Running Simulations for EOCs
While some simulations are designed to help first responders practice, others use modeling to train people in emergency operation centers (EOCs). The Emergency Management Training, Analysis and Simulation Center (EMTASC) in Suffolk, Va., works to create realistic simulations to help train managers to communicate in an emergency.
"You've got a guy driving in to the EOC who hasn't sat in that chair in more than six months," explained Randy Sickmier, EMTASC's exercise plans manager. "During the day, he's the public works officer for Staunton, Va., and all of a sudden he's in charge of some aspect of this emergency response. It's not something he does every day. This is where the simulation can be valuable."
With grant funding from Virginia, the nonprofit EMTASC was formed in 2005 as a partnership between Old Dominion University and 17 companies involved in modeling and simulation efforts. For agencies that want to
include simulations in their EOC exercises, EMTASC can model an incident such as a hurricane and feed emergency response managers data in the same format they would receive it during an emergency.

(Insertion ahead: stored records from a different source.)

(* For every $\Delta, m \in \mathbb{Z}_{>0}$, we have \[ h(\Delta,m) \leq h(1,m) + (\Delta-1)\cdot h_s^{\Delta}(m). \] In particular, $h(\Delta,m) \leq h(1,m) + (\Delta-1)\cdot h_s(m)$.
   Context: For a real matrix $A \in \mathbb{R}^{m\times n}$ and $1 \le k \le \min\{m,n\}$, let $\Delta_k(A)$ denote the maximum of $|\det(B)|$ over all $k\times k$ submatrices $B$ of $A$. A matrix is called totally $1$-submodular if every square submatrix (of every size) has determinant of absolute value at most $1$. The generalized Heller constant $h(\Delta,m)$ is the maximum $n$ such that some $A \in \mathbb{Z}^{m\times n}$ with pairwise distinct columns has $\Delta_m(A)=\Delta$. For $t \in \mathbb{R}^m$ and $A\in\mathbb{R}^{m\times n}$ with columns $A_1,\dots,A_n$, $t+A$ denotes the matrix with columns $t+A_1,\dots,t+A_n$. The shifted Heller constant $h_s(m)$ is the maximum $n$ such that there exist $t \in [0,1)^m\setminus\{\mathbf 0\}$ and $A \in \{-1,0,1\}^{m\times n}$ with pairwise distinct columns such that $t+A$ is totally $1$-submodular. For an integer $\delta \ge 2$, the refined shifted Heller constant $h_s^{\delta}(m)$ is defined in the same way but with $t$ restricted to $[0,1)^m \cap (\tfrac{1}{\delta}\mathbb{Z})^m \setminus\{\mathbf 0\}$. (When $\Delta = 1$ the second summand has coefficient $\Delta-1=0$ and is interpreted as $0$.) *)

theory Defs
  imports "Jordan_Normal_Form.Determinant" "Jordan_Normal_Form.DL_Submatrix"
          "HOL-Library.Extended_Nat"
begin

text \<open>Delta_k(A): maximum absolute value of a k x k minor of A
  (meaningful for 1 <= k <= min(dim_row A, dim_col A)).\<close>
definition Delta_k :: "nat \<Rightarrow> 'a::{comm_ring_1, linordered_idom} mat \<Rightarrow> 'a" where
  "Delta_k k A = Max {\<bar>det (submatrix A I J)\<bar> | I J.
      I \<subseteq> {..<dim_row A} \<and> J \<subseteq> {..<dim_col A} \<and> card I = k \<and> card J = k}"
lemma card_T_set:
  assumes "odd m" and "i1 \<noteq> i2"
  shows "card (T_set i1 i2 m) + of_bool (i1 = 0 \<or> i2 = 0) + of_bool (i1 = 2 \<or> i2 = 2)
    = weight_count m i1 + weight_count m i2"
proof -
  define S where "S = {j. j < 3 ^ m \<and> (w3 m j mod 4 = i1 \<or> w3 m j mod 4 = i2)}"
  define top where "top = (3::nat) ^ m - 1"
  have "card S = weight_count m i1 + weight_count m i2"
  proof -
    have "S = {j. j < 3 ^ m \<and> w3 m j mod 4 = i1} \<union> {j. j < 3 ^ m \<and> w3 m j mod 4 = i2}"
      by (auto simp: S_def)
    then show ?thesis
      unfolding weight_count_def using assms(2) by (simp add: card_Un_disjoint disjoint_iff)
  qed
  moreover have "card S = card (T_set i1 i2 m) + card (S \<inter> {0, top})"
  proof -
    have "S = T_set i1 i2 m \<union> (S \<inter> {0, top})" and "T_set i1 i2 m \<inter> (S \<inter> {0, top}) = {}"
      by (auto simp: S_def T_set_def top_def)
    then show ?thesis
      using finite_T_set by (metis card_Un_disjoint finite.emptyI finite.insertI finite_Int)
  qed
  moreover have "card (S \<inter> {0, top}) = of_bool (i1 = 0 \<or> i2 = 0) + of_bool (i1 = 2 \<or> i2 = 2)"
  proof -
    have "top \<noteq> 0" and "top < 3 ^ m"
      using one_less_power[of "3::nat" m] odd_pos[OF assms(1)] by (auto simp: top_def)
    moreover have "2 * m mod 4 = 2"
      using assms(1) by presburger
    moreover have "w3 m top = 2 * m" unfolding top_def by (rule w3_3_power_minus_1)
    ultimately have "0 \<in> S \<longleftrightarrow> i1 = 0 \<or> i2 = 0" and "top \<in> S \<longleftrightarrow> i1 = 2 \<or> i2 = 2"
      by (auto simp: S_def w3_def)
    with \<open>top \<noteq> 0\<close> show ?thesis
      by (cases "0 \<in> S"; cases "top \<in> S") (simp_all add: Int_insert_right)
  qed
  ultimately show ?thesis by simp
qed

Officials in Virginia, who run an annual training effort called the Virginia Emergency Response Team Exercise, have taken advantage of the modeling capability, said Sickmier, who is an employee of Northrop Grumman Corp., on loan to EMTASC.
In one training scenario, the agency modeled plans to reverse traffic on Interstate 64 so that all traffic would be outbound during a hurricane evacuation. "We modeled the capacity of the roadways with maps and data from the Virginia Department of Transportation and the state emergency management plan," Sickmier said. "It allowed the team to assess how long it would take to evacuate a certain region."
Although users' response has been enthusiastic, Sickmier admits that finding customers among state and local emergency response organizations has been difficult so far.
"Localities are always going to have difficult funding decisions to make," he said. "It's tough for them to make the choice between spending on hardware such as radios versus more information or training.
But as the models are developed through federal grant funding, Sickmier said, other regions will be able to adopt it at lower cost, and then modify them for their particular environment.
"Every time you do it," he said, "it gets cheaper."